Source records:
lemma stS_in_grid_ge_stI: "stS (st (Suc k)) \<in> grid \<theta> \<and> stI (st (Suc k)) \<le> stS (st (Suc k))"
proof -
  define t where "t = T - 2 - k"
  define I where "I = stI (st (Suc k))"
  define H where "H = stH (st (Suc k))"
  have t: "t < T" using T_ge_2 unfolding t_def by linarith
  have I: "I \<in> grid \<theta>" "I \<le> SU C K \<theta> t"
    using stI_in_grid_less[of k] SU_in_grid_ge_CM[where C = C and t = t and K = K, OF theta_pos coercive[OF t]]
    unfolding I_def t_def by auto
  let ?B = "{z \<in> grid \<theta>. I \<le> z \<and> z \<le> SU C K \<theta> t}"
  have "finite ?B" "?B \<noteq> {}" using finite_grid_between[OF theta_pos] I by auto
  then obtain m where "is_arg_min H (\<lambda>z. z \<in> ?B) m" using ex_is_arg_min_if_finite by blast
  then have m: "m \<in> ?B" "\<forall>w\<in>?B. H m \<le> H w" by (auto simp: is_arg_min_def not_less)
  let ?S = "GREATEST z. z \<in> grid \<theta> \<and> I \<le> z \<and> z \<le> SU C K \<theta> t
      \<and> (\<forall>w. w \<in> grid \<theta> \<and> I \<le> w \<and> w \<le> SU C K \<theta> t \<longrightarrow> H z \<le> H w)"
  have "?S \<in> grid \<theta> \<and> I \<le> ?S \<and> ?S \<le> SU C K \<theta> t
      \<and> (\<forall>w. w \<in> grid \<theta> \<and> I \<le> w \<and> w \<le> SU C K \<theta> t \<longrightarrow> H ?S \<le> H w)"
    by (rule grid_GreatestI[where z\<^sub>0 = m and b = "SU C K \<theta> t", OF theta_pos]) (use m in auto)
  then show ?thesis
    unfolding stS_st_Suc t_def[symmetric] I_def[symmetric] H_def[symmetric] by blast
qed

...

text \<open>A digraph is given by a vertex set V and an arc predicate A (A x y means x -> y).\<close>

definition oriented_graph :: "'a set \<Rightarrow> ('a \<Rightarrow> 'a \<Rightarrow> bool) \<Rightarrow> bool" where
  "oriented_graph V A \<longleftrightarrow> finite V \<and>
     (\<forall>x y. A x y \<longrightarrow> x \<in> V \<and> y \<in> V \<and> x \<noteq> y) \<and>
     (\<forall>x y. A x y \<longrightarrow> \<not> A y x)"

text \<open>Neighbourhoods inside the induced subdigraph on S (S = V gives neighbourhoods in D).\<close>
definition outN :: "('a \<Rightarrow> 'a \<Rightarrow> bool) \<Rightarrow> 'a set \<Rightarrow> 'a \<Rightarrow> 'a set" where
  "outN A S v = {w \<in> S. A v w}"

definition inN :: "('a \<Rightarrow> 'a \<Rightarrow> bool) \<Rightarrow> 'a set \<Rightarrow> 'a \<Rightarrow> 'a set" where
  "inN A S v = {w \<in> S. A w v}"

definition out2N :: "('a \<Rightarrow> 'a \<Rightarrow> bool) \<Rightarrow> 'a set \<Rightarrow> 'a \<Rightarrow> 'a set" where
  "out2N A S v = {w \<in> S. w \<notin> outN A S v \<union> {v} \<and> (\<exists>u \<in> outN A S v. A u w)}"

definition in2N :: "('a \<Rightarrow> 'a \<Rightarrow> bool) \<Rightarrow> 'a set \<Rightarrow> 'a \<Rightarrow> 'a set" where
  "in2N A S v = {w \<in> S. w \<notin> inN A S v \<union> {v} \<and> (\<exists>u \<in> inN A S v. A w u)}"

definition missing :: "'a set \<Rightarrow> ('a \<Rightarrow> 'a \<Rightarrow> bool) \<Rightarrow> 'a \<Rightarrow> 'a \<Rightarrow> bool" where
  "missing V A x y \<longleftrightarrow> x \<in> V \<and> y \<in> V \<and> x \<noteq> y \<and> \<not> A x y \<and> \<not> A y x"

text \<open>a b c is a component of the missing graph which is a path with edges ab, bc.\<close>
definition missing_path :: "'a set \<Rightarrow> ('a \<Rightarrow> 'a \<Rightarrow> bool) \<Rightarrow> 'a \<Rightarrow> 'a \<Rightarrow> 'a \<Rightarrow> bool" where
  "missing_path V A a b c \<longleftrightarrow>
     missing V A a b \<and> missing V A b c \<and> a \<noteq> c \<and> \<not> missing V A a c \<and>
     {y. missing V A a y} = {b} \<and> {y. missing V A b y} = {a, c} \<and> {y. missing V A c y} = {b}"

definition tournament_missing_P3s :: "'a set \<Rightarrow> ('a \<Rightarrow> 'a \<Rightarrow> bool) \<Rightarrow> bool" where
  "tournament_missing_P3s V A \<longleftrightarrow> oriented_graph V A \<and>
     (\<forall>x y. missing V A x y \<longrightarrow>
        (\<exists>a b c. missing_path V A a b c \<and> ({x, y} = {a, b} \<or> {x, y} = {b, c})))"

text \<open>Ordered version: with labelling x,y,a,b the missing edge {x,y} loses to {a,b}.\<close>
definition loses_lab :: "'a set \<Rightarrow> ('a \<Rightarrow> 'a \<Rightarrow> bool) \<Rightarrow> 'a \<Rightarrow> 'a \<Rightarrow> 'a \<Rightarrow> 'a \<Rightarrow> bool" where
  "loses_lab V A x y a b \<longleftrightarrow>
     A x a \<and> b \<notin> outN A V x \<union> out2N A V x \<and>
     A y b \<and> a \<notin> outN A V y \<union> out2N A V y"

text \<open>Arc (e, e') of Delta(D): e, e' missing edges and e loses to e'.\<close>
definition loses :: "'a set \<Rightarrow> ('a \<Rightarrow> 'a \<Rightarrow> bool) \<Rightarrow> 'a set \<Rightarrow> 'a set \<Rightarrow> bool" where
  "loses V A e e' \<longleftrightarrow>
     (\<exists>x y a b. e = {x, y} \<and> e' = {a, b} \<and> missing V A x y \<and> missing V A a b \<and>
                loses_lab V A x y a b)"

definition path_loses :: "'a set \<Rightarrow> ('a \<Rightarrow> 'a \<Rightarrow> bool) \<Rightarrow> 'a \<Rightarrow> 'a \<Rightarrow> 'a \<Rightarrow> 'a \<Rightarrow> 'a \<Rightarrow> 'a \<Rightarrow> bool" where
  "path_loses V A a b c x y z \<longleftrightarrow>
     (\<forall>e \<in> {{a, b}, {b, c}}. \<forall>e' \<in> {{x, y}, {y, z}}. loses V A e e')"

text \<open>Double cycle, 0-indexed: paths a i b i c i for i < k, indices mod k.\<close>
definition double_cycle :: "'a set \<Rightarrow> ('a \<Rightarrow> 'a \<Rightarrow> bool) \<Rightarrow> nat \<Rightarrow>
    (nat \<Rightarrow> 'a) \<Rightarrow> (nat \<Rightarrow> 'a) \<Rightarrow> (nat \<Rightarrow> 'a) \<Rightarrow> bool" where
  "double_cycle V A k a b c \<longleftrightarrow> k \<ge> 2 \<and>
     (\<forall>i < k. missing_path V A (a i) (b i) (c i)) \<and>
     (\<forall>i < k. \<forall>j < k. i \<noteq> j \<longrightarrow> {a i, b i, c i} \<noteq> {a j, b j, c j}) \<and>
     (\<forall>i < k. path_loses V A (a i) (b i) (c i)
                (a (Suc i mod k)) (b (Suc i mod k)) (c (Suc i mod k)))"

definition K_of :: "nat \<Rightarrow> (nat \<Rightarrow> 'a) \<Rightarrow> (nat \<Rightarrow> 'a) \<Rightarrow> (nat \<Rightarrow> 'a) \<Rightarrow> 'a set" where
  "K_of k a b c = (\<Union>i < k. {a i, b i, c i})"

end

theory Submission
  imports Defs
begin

- Exercise requirements
Transcribe each line of the data above, unaltered, from the one where "w \<notin> inN" appears to the one where "(\<exists>a b c." appears, inclusive of both.

- Reply to the task
  "in2N A S v = {w \<in> S. w \<notin> inN A S v \<union> {v} \<and> (\<exists>u \<in> inN A S v. A w u)}"

definition missing :: "'a set \<Rightarrow> ('a \<Rightarrow> 'a \<Rightarrow> bool) \<Rightarrow> 'a \<Rightarrow> 'a \<Rightarrow> bool" where
  "missing V A x y \<longleftrightarrow> x \<in> V \<and> y \<in> V \<and> x \<noteq> y \<and> \<not> A x y \<and> \<not> A y x"

text \<open>a b c is a component of the missing graph which is a path with edges ab, bc.\<close>
definition missing_path :: "'a set \<Rightarrow> ('a \<Rightarrow> 'a \<Rightarrow> bool) \<Rightarrow> 'a \<Rightarrow> 'a \<Rightarrow> 'a \<Rightarrow> bool" where
  "missing_path V A a b c \<longleftrightarrow>
     missing V A a b \<and> missing V A b c \<and> a \<noteq> c \<and> \<not> missing V A a c \<and>
     {y. missing V A a y} = {b} \<and> {y. missing V A b y} = {a, c} \<and> {y. missing V A c y} = {b}"

definition tournament_missing_P3s :: "'a set \<Rightarrow> ('a \<Rightarrow> 'a \<Rightarrow> bool) \<Rightarrow> bool" where
  "tournament_missing_P3s V A \<longleftrightarrow> oriented_graph V A \<and>
     (\<forall>x y. missing V A x y \<longrightarrow>
        (\<exists>a b c. missing_path V A a b c \<and> ({x, y} = {a, b} \<or> {x, y} = {b, c})))"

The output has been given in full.